Are Expandable Batons Legal?

An expandable baton is a portable and concealable method for self-defense that transmits adequate force without being deadly. The question is, is it legal to carry an expandable baton? Expandable baton’s legal status is often a question some citizens tend to ask, but often, no one is really sure. How often, do you see a fellow citizen carrying around an expandable baton? So are expandable batons legal?

For those of you who do not know an expandable baton is also called a telescopic baton. It is a baton that is able to collapsible on itself and is generally 16 inches long.  It is designed to be securely hidden, and also for a defense against attackers in close range. The baton relies n a blunt force to cause damage to an attackers limbs. The collapsible baton forced downward in a 45 degree angle, by its user, extends to its fullest extent. It can be put back in its original form by tapping the end of the collapsible baton against hard surface. Are expandable batons legal in the United States? Let's see...

There is no federal law that bans carrying an expandable baton . The only state laws that ban the use of expandable batons are California, Massachusetts, New York, and Washington D.C. Other than those states expandable batons are legal.

Regardless of what state a user is in, even if its legal, it is important to note that a baton must only be used in defense, and generally cannot be used in any manner that would cause death.  Avoiding areas of the neck, head, and private areas are key.
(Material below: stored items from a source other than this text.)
lemma P_sig_inv2_binomial:
  fixes A :: "'a::field"
  assumes s: "gl2 (a,b,c,d)" and irr: "irreducible (monom 1 N - [:A:])"
    and A: "c \<noteq> 0 \<longrightarrow> A \<noteq> - d / c"
  shows "degree (P_sig (inv2 (a,b,c,d)) (monom 1 N - [:A:])) = N
    \<and> irreducible (P_sig (inv2 (a,b,c,d)) (monom 1 N - [:A:]))"
proof -
  have "N \<noteq> 0"
  proof
    assume "N = 0"
    then have "degree (monom 1 N - [:A:]) = 0" by (simp add: one_pCons)
    with irr show False by (simp add: irreducible_field_poly_iff)
  qed
  then have deg_f: "degree (monom 1 N - [:A:]) = N"
    by (simp add: degree_monom_minus_const)
  have "d ^ N \<noteq> A * (- c) ^ N"
  proof (cases "c = 0")
    case True
    then show ?thesis using s \<open>N \<noteq> 0\<close> by (simp add: gl2_def power_0_left)
  next
    case False
    have "A \<noteq> (- d / c) ^ N"
      using A False irr reducible_monom_minus_power[of N "- d / c"] \<open>N \<noteq> 0\<close>
      by (cases "N = 1") auto
    moreover have "(- d / c) ^ N = d ^ N / (- c) ^ N"
      by (metis minus_divide_left minus_divide_right power_divide)
    ultimately show ?thesis using False by auto
  qed
  then have deg_g: "degree (P_sig_deg (inv2 (a,b,c,d)) N (monom 1 N - [:A:])) = N"
    by (rule degree_P_sig_deg_inv2_binomial[OF s])
  show ?thesis
    using irreducible_P_sig_deg_inv2[OF s irr deg_f deg_g] deg_g deg_f
    by (simp add: P_sig_eq_P_sig_deg)
qed

lemma poly_P_sig_deg:
  "poly (P_sig_deg (a,b,c,d) m f) x = (\<Sum>i\<le>m. coeff f i * (a*x + b) ^ i * (c*x + d) ^ (m - i))"
  by (simp add: P_sig_deg_def poly_sum algebra_simps)

lemma poly_P_sig_deg_inv2_moeb_infty:
  assumes s: "gl2 (a,b,c,d)" and "c \<noteq> 0"
  shows "poly (P_sig_deg (inv2 (a,b,c,d)) m f) (a / c) = coeff f m / c ^ m"
proof -
  define D where "D = a * d - b * c"
  have "D \<noteq> 0" using s by (simp add: gl2_def D_def)
  have inv: "inv2 (a,b,c,d) = (d/D, -b/D, -c/D, a/D)"
    by (simp add: inv2_def Let_def D_def)
  have lin: "d/D * (a/c) + -b/D = 1/c" "-c/D * (a/c) + a/D = 0"
    using \<open>c \<noteq> 0\<close> \<open>D \<noteq> 0\<close> by (simp_all add: D_def divide_simps)
  have "poly (P_sig_deg (inv2 (a,b,c,d)) m f) (a / c) = (\<Sum>i\<le>m. coeff f i * (1/c) ^ i * 0 ^ (m - i))"
    unfolding inv poly_P_sig_deg lin ..
  also have "\<dots> = (\<Sum>i\<le>m. if i = m then coeff f m * (1/c) ^ m else 0)"
    by (rule sum.cong) (auto simp: power_0_left)
  finally show ?thesis by (simp add: power_one_over)
qed

theorem lemma5p4:
  fixes a b c d A :: "'a::{finite, field}" and n t :: nat
  assumes "t \<ge> 2" and "n \<ge> 1"
    and "gl2 (a, b, c, d)"
    and "irreducible (monom 1 (n * t) - [:A:])"
    and "c \<noteq> 0 \<longrightarrow> A \<noteq> - d / c"
    and "even t \<longrightarrow> card (UNIV :: 'a set) mod 4 = 1"
  shows "irreducible (P_sig (inv2 (a, b, c, d)) (monom 1 n - [:A:]))
       \<and> degree (P_sig (inv2 (a, b, c, d)) (monom 1 n - [:A:])) = n
       \<and> nonzero_at (P_sig (inv2 (a, b, c, d)) (monom 1 n - [:A:])) (moeb_infty (a, b, c, d))
       \<and> irreducible (R_trans (a, b, c, d) t (P_sig (inv2 (a, b, c, d)) (monom 1 n - [:A:])))"
proof -
  let ?f = "monom 1 n - [:A:]" and ?g\<^sub>0 = "P_sig (inv2 (a, b, c, d)) (monom 1 n - [:A:])"
  have "irreducible ?f"
    using irreducible_pcomposeD[of ?f "monom 1 t"] assms(1,4) S_t_binomial[of t n A]
    by (simp add: S_t_def degree_monom_eq)
  then have g\<^sub>0: "degree ?g\<^sub>0 = n \<and> irreducible ?g\<^sub>0"
    using P_sig_inv2_binomial[OF assms(3)] assms(5) by blast
  have "coeff ?f n = 1"
    using assms(2) by (simp add: coeff_pCons split: nat.split)
  then have "nonzero_at ?g\<^sub>0 (moeb_infty (a, b, c, d))"
    using poly_P_sig_deg_inv2_moeb_infty[OF assms(3), of n ?f] assms(2)
    by (auto simp: nonzero_at_def moeb_infty_def P_sig_eq_P_sig_deg degree_monom_minus_const)
  moreover have "R_trans (a, b, c, d) t ?g\<^sub>0 = P_sig (inv2 (a, b, c, d)) (monom 1 (n * t) - [:A:])"
    using g\<^sub>0 assms(2)
    by (simp add: R_trans_def P_sig_P_sig_inv2[OF assms(3)] degree_monom_minus_const S_t_binomial)
  ultimately show ?thesis
    using g\<^sub>0 P_sig_inv2_binomial[OF assms(3,4,5)] by simp
qed

end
For future reference, most tends tend to categorize what a deadly weapon is. Generally, deadly weapons have some type of restrictions, even guns, despite the second amendment do have certain restrictions. A deadly weapon is one that is designed to kill. While a weapon might be dangerous (i.e. to choke someone, to severely injure) it is not technically deadly.  A baton is dangerous but not deadly.

Overall, to answer the question are expandable batons legal? The answer is yes. As long as you are not in California, Massachusetts, New York, and Washington D.C.